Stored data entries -
★ ★ ★ ★
(* Let $R$ be a finite Frobenius ring and $\mathcal{P}_{\mathrm{hom}}=P_1\mid\cdots\mid P_M$ its homogeneous weight partition. Then the left Krawtchouk coefficients $\sum_{a\in P_m}\chi(ab)$ ($b\in R$, $1\le m\le M$), and hence the left $\chi$-dual partition of $\mathcal{P}_{\mathrm{hom}}$, do not depend on the choice of the generating character $\chi$ of $R$. The same holds for the right Krawtchouk coefficients $\sum_{a\in P_m}\chi(ba)$ and the right $\chi$-dual partition.
   Context: A character of $R$ is a group homomorphism $(R,+)\to\mathbb{C}^*$; the character group $\widehat{R}$ is an $R$-$R$-bimodule via $(r\cdot\chi)(v)=\chi(vr)$ and $(\chi\cdot r)(v)=\chi(rv)$. $R$ is Frobenius iff there is a character $\chi$ with $\widehat{R}=R\cdot\chi$ (equivalently $\widehat{R}=\chi\cdot R$); such $\chi$ is called a generating character. $\mathcal{P}_{\mathrm{hom}}$ is the partition of $R$ into level sets of the normalized homogeneous weight $\omega$ (the unique map $R\to\mathbb{R}$ with $\omega(0)=0$, $\omega(x)=\omega(y)$ whenever $Rx=Ry$, and $\sum_{y\in Rx}\omega(y)=|Rx|$ for $x\ne0$). For a partition $\mathcal{P}=P_1\mid\cdots\mid P_M$ of $R$, the left $\chi$-dual partition is defined by: $b\sim b'$ iff $\sum_{a\in P_m}\chi(ab)=\sum_{a\in P_m}\chi(ab')$ for all $m$; the right $\chi$-dual partition by: $b\sim b'$ iff $\sum_{a\in P_m}\chi(ba)=\sum_{a\in P_m}\chi(b'a)$ for all $m$. *)

theory Defs
  imports Complex_Main
begin

definition character :: "('a::ring_1 \<Rightarrow> complex) \<Rightarrow> bool" where
  "character \<chi> \<longleftrightarrow> (\<forall>x y. \<chi> (x + y) = \<chi> x * \<chi> y) \<and> (\<forall>x. \<chi> x \<noteq> 0)"

text \<open>Left action (r . chi)(v) = chi(v r); generating: every character is r . chi.\<close>
definition generating_character :: "('a::ring_1 \<Rightarrow> complex) \<Rightarrow> bool" where
  "generating_character \<chi> \<longleftrightarrow> character \<chi> \<and>
     (\<forall>\<psi>. character \<psi> \<longrightarrow> (\<exists>r. \<psi> = (\<lambda>v. \<chi> (v * r))))"

definition frobenius_ring :: "'a::{ring_1,finite} itself \<Rightarrow> bool" where
  "frobenius_ring _ \<longleftrightarrow> (\<exists>\<chi>::'a \<Rightarrow> complex. generating_character \<chi>)"

definition left_principal :: "'a::ring_1 \<Rightarrow> 'a set" where
  "left_principal x = {r * x | r. True}"

definition is_hom_weight :: "('a::{ring_1,finite} \<Rightarrow> real) \<Rightarrow> bool" where
  "is_hom_weight \<omega> \<longleftrightarrow> \<omega> 0 = 0 \<and>
     (\<forall>x y. left_principal x = left_principal y \<longrightarrow> \<omega> x = \<omega> y) \<and>
     (\<forall>x. x \<noteq> 0 \<longrightarrow> (\<Sum>y\<in>left_principal x. \<omega> y) = real (card (left_principal x)))"

definition hom_weight :: "'a::{ring_1,finite} \<Rightarrow> real" where
  "hom_weight = (THE \<omega>. is_hom_weight \<omega>)"

definition level_partition :: "('a \<Rightarrow> real) \<Rightarrow> 'a set set" where
  "level_partition \<omega> = {{x. \<omega> x = c} | c. c \<in> range \<omega>}"

abbreviation hom_partition :: "'a::{ring_1,finite} set set" where
  "hom_partition \<equiv> level_partition hom_weight"

definition left_dual_partition :: "('a::ring_1 \<Rightarrow> complex) \<Rightarrow> 'a set set \<Rightarrow> 'a set set" where
  "left_dual_partition \<chi> Ps =
     {{b'. \<forall>P\<in>Ps. (\<Sum>a\<in>P. \<chi> (a * b)) = (\<Sum>a\<in>P. \<chi> (a * b'))} | b. True}"

definition right_dual_partition :: "('a::ring_1 \<Rightarrow> complex) \<Rightarrow> 'a set set \<Rightarrow> 'a set set" where
  "right_dual_partition \<chi> Ps =
     {{b'. \<forall>P\<in>Ps. (\<Sum>a\<in>P. \<chi> (b * a)) = (\<Sum>a\<in>P. \<chi> (b' * a))} | b. True}"

end

theory Submission
  imports Defs
begin

text \<open>Two generating characters of a finite Frobenius ring differ by a unit on either side:
  \<open>\<chi>' = \<chi> (u \<cdot>) = \<chi> (\<cdot> r)\<close>. This rests on the duality of the finite abelian group \<open>(R,+)\<close>
  (characters separate points, proved by extending characters along cyclic extensions of
  subgroups), which makes \<open>q \<mapsto> \<chi> (q \<cdot>)\<close> injective and then, by counting, both maps
  from \<open>R\<close> to the character group bijective. The homogeneous weight, characterised uniquely by a recursion over
  the lattice of principal left ideals, is invariant under multiplication by units on either
  side, so units permute each block \<open>P\<^sub>m\<close> of the weight partition, and reindexing the
  Krawtchouk sums by such a permutation turns \<open>\<chi>'\<close> into \<open>\<chi>\<close>.\<close>

section \<open>Characters of a finite ring separate points\<close>

definition additive_subgroup :: "'a::ring_1 set \<Rightarrow> bool" where
  "additive_subgroup H \<longleftrightarrow> 0 \<in> H \<and> (\<forall>x\<in>H. \<forall>y\<in>H. x + y \<in> H) \<and> (\<forall>x\<in>H. - x \<in> H)"

definition character_on :: "'a::ring_1 set \<Rightarrow> ('a \<Rightarrow> complex) \<Rightarrow> bool" where
  "character_on H \<psi> \<longleftrightarrow> (\<forall>x\<in>H. \<forall>y\<in>H. \<psi> (x + y) = \<psi> x * \<psi> y) \<and> (\<forall>x\<in>H. \<psi> x \<noteq> 0)"

lemma additive_subgroup_diff:
  "additive_subgroup H \<Longrightarrow> x \<in> H \<Longrightarrow> y \<in> H \<Longrightarrow> x - y \<in> H"
  unfolding additive_subgroup_def by (metis diff_conv_add_uminus)

lemma additive_subgroup_of_int_mult:
  assumes "additive_subgroup H" "x \<in> H"
  shows "of_int k * x \<in> H"
proof (induction k rule: int_induct[where k = 0])
  case base
  show ?case using assms(1) by (simp add: additive_subgroup_def)
next
  case (step1 i)
  then show ?case using assms by (simp add: additive_subgroup_def distrib_right)
next
  case (step2 i)
  then show ?case using assms additive_subgroup_diff by (simp add: left_diff_distrib)
qed

lemma character_on_zero: "additive_subgroup H \<Longrightarrow> character_on H \<psi> \<Longrightarrow> \<psi> 0 = 1"
  unfolding additive_subgroup_def character_on_def by (metis add_0 mult_cancel_right2)

lemma character_on_of_int_mult:
  assumes H: "additive_subgroup H" and \<psi>: "character_on H \<psi>" and x: "x \<in> H"
  shows "\<psi> (of_int k * x) = \<psi> x powi k"
proof (induction k rule: int_induct[where k = 0])
  case base
  show ?case using character_on_zero[OF H \<psi>] by simp
next
  case (step1 i)
  have "\<psi> (of_int (i + 1) * x) = \<psi> (of_int i * x) * \<psi> x"
    using \<psi> x additive_subgroup_of_int_mult[OF H x] by (simp add: character_on_def distrib_right)
  then show ?case using step1 \<psi> x by (simp add: character_on_def power_int_add)
next
  case (step2 i)
  have "of_int i * x = of_int (i - 1) * x + x" by (simp add: left_diff_distrib)
  moreover have "\<psi> (of_int (i - 1) * x + x) = \<psi> (of_int (i - 1) * x) * \<psi> x"
    using \<psi> x additive_subgroup_of_int_mult[OF H x] unfolding character_on_def by blast
  ultimately have "\<psi> (of_int i * x) = \<psi> (of_int (i - 1) * x) * \<psi> x" by simp
  then show ?case using step2 \<psi> x by (simp add: character_on_def power_int_diff)
qed

lemma ex_complex_nth_root: "n > 0 \<Longrightarrow> \<exists>w::complex. w ^ n = c"
proof -
  assume n: "n > 0"
  have "rcis (root n (cmod c)) (Arg c / n) ^ n = rcis (root n (cmod c) ^ n) (n * (Arg c / n))"
    by (rule DeMoivre2)
  also have "\<dots> = c" using n by (simp add: real_root_pow_pos2 rcis_cmod_Arg)
  finally show ?thesis by blast
qed

lemma ex_order_mod_additive_subgroup:
  fixes g :: "'a::{ring_1,finite}"
  assumes H: "additive_subgroup H"
  shows "\<exists>m>0. of_int m * g \<in> H \<and> (\<forall>k. of_int k * g \<in> H \<longrightarrow> m dvd k)"
proof -
  define m where "m = (LEAST n::nat. n > 0 \<and> of_nat n * g \<in> H)"
  have "CHAR('a) > 0 \<and> of_nat CHAR('a) * g \<in> H"
    using finite_imp_CHAR_pos[OF finite_UNIV] H by (simp add: additive_subgroup_def)
  then have m: "m > 0" "of_nat m * g \<in> H"
    unfolding m_def by (metis (mono_tags, lifting) LeastI)+
  have "int m dvd k" if k: "of_int k * g \<in> H" for k
  proof -
    define r where "r = k mod int m"
    have r: "0 \<le> r" "r < int m" using m(1) by (simp_all add: r_def)
    have "of_int r * g = of_int k * g - of_int (k div int m) * (of_nat m * g)"
      by (simp add: r_def mod_div_mult_eq minus_div_mult_eq_mod[symmetric] mult.assoc[symmetric]
          left_diff_distrib)
    then have "of_nat (nat r) * g \<in> H"
      using r k additive_subgroup_diff[OF H] additive_subgroup_of_int_mult[OF H m(2)] by simp
    then have "nat r = 0"
      using r not_less_Least[of "nat r" "\<lambda>n. n > 0 \<and> of_nat n * g \<in> H", folded m_def] by linarith
    then show ?thesis using r by (simp add: r_def dvd_eq_mod_eq_0)
  qed
  then show ?thesis using m by (intro exI[of _ "int m"]) simp
qed

definition add_multiples :: "'a::ring_1 set \<Rightarrow> 'a \<Rightarrow> 'a set" where
  "add_multiples H g = {h + of_int k * g | h k. h \<in> H}"

lemma subset_add_multiples: "H \<subseteq> add_multiples H g"
proof
  fix x assume "x \<in> H"
  moreover have "x = x + of_int 0 * g" by simp
  ultimately show "x \<in> add_multiples H g" unfolding add_multiples_def by blast
qed

lemma mem_add_multiples_generator: "0 \<in> H \<Longrightarrow> g \<in> add_multiples H g"
proof -
  assume "0 \<in> H"
  moreover have "g = 0 + of_int 1 * g" by simp
  ultimately show ?thesis unfolding add_multiples_def by blast
qed

lemma additive_subgroup_add_multiples:
  assumes H: "additive_subgroup H"
  shows "additive_subgroup (add_multiples H g)"
  unfolding additive_subgroup_def add_multiples_def
proof (intro conjI ballI)
  show "0 \<in> {h + of_int k * g | h k. h \<in> H}"
    using H by (auto simp: additive_subgroup_def intro!: exI[of _ 0])
next
  fix x y assume "x \<in> {h + of_int k * g | h k. h \<in> H}" "y \<in> {h + of_int k * g | h k. h \<in> H}"
  then obtain h1 k1 h2 k2 where "h1 \<in> H" "h2 \<in> H" "x = h1 + of_int k1 * g" "y = h2 + of_int k2 * g"
    by blast
  then have "x + y = (h1 + h2) + of_int (k1 + k2) * g" "h1 + h2 \<in> H"
    using H by (auto simp: additive_subgroup_def algebra_simps)
  then show "x + y \<in> {h + of_int k * g | h k. h \<in> H}" by blast
next
  fix x assume "x \<in> {h + of_int k * g | h k. h \<in> H}"
  then obtain h k where "h \<in> H" "x = h + of_int k * g" by blast
  then have "- x = - h + of_int (- k) * g" "- h \<in> H"
    using H by (auto simp: additive_subgroup_def)
  then show "- x \<in> {h + of_int k * g | h k. h \<in> H}" by blast
qed

lemma character_on_add_multiples_well_defined:
  assumes H: "additive_subgroup H" and \<psi>: "character_on H \<psi>"
    and m: "of_int m * g \<in> H" "\<And>k. of_int k * g \<in> H \<Longrightarrow> m dvd k"
    and w: "w \<noteq> 0" "w powi m = \<psi> (of_int m * g)"
    and h: "h \<in> H" "h' \<in> H" and eq: "h + of_int k * g = h' + of_int k' * g"
  shows "\<psi> h * w powi k = \<psi> h' * w powi k'"
proof -
  have diff: "of_int (k - k') * g = h' - h"
    using eq by (simp add: left_diff_distrib algebra_simps)
  then obtain j where j: "k - k' = m * j"
    using m(2) additive_subgroup_diff[OF H h(2,1)] by (metis dvdE)
  have "h' = h + of_int j * (of_int m * g)"
    using diff j by (simp add: algebra_simps)
  then have "\<psi> h' = \<psi> h * \<psi> (of_int m * g) powi j"
    using \<psi> h(1) additive_subgroup_of_int_mult[OF H m(1)] character_on_of_int_mult[OF H \<psi> m(1)]
    by (simp add: character_on_def)
  also have "\<dots> = \<psi> h * w powi (k - k')" using w(2) j by (simp add: power_int_mult)
  finally show ?thesis using w(1) by (simp add: power_int_diff)
qed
★ ★ ★ ★
WHAT YOU HAVE TO DO -
Among the entries above, the lines between the ones containing "H \<and> (\<forall>k." and "(simp_all add: r_def)", inclusive, are to be transcribed exactly. No other line is to be given.

YOUR RESPONSE -
  shows "\<exists>m>0. of_int m * g \<in> H \<and> (\<forall>k. of_int k * g \<in> H \<longrightarrow> m dvd k)"
proof -
  define m where "m = (LEAST n::nat. n > 0 \<and> of_nat n * g \<in> H)"
  have "CHAR('a) > 0 \<and> of_nat CHAR('a) * g \<in> H"
    using finite_imp_CHAR_pos[OF finite_UNIV] H by (simp add: additive_subgroup_def)
  then have m: "m > 0" "of_nat m * g \<in> H"
    unfolding m_def by (metis (mono_tags, lifting) LeastI)+
  have "int m dvd k" if k: "of_int k * g \<in> H" for k
  proof -
    define r where "r = k mod int m"
    have r: "0 \<le> r" "r < int m" using m(1) by (simp_all add: r_def)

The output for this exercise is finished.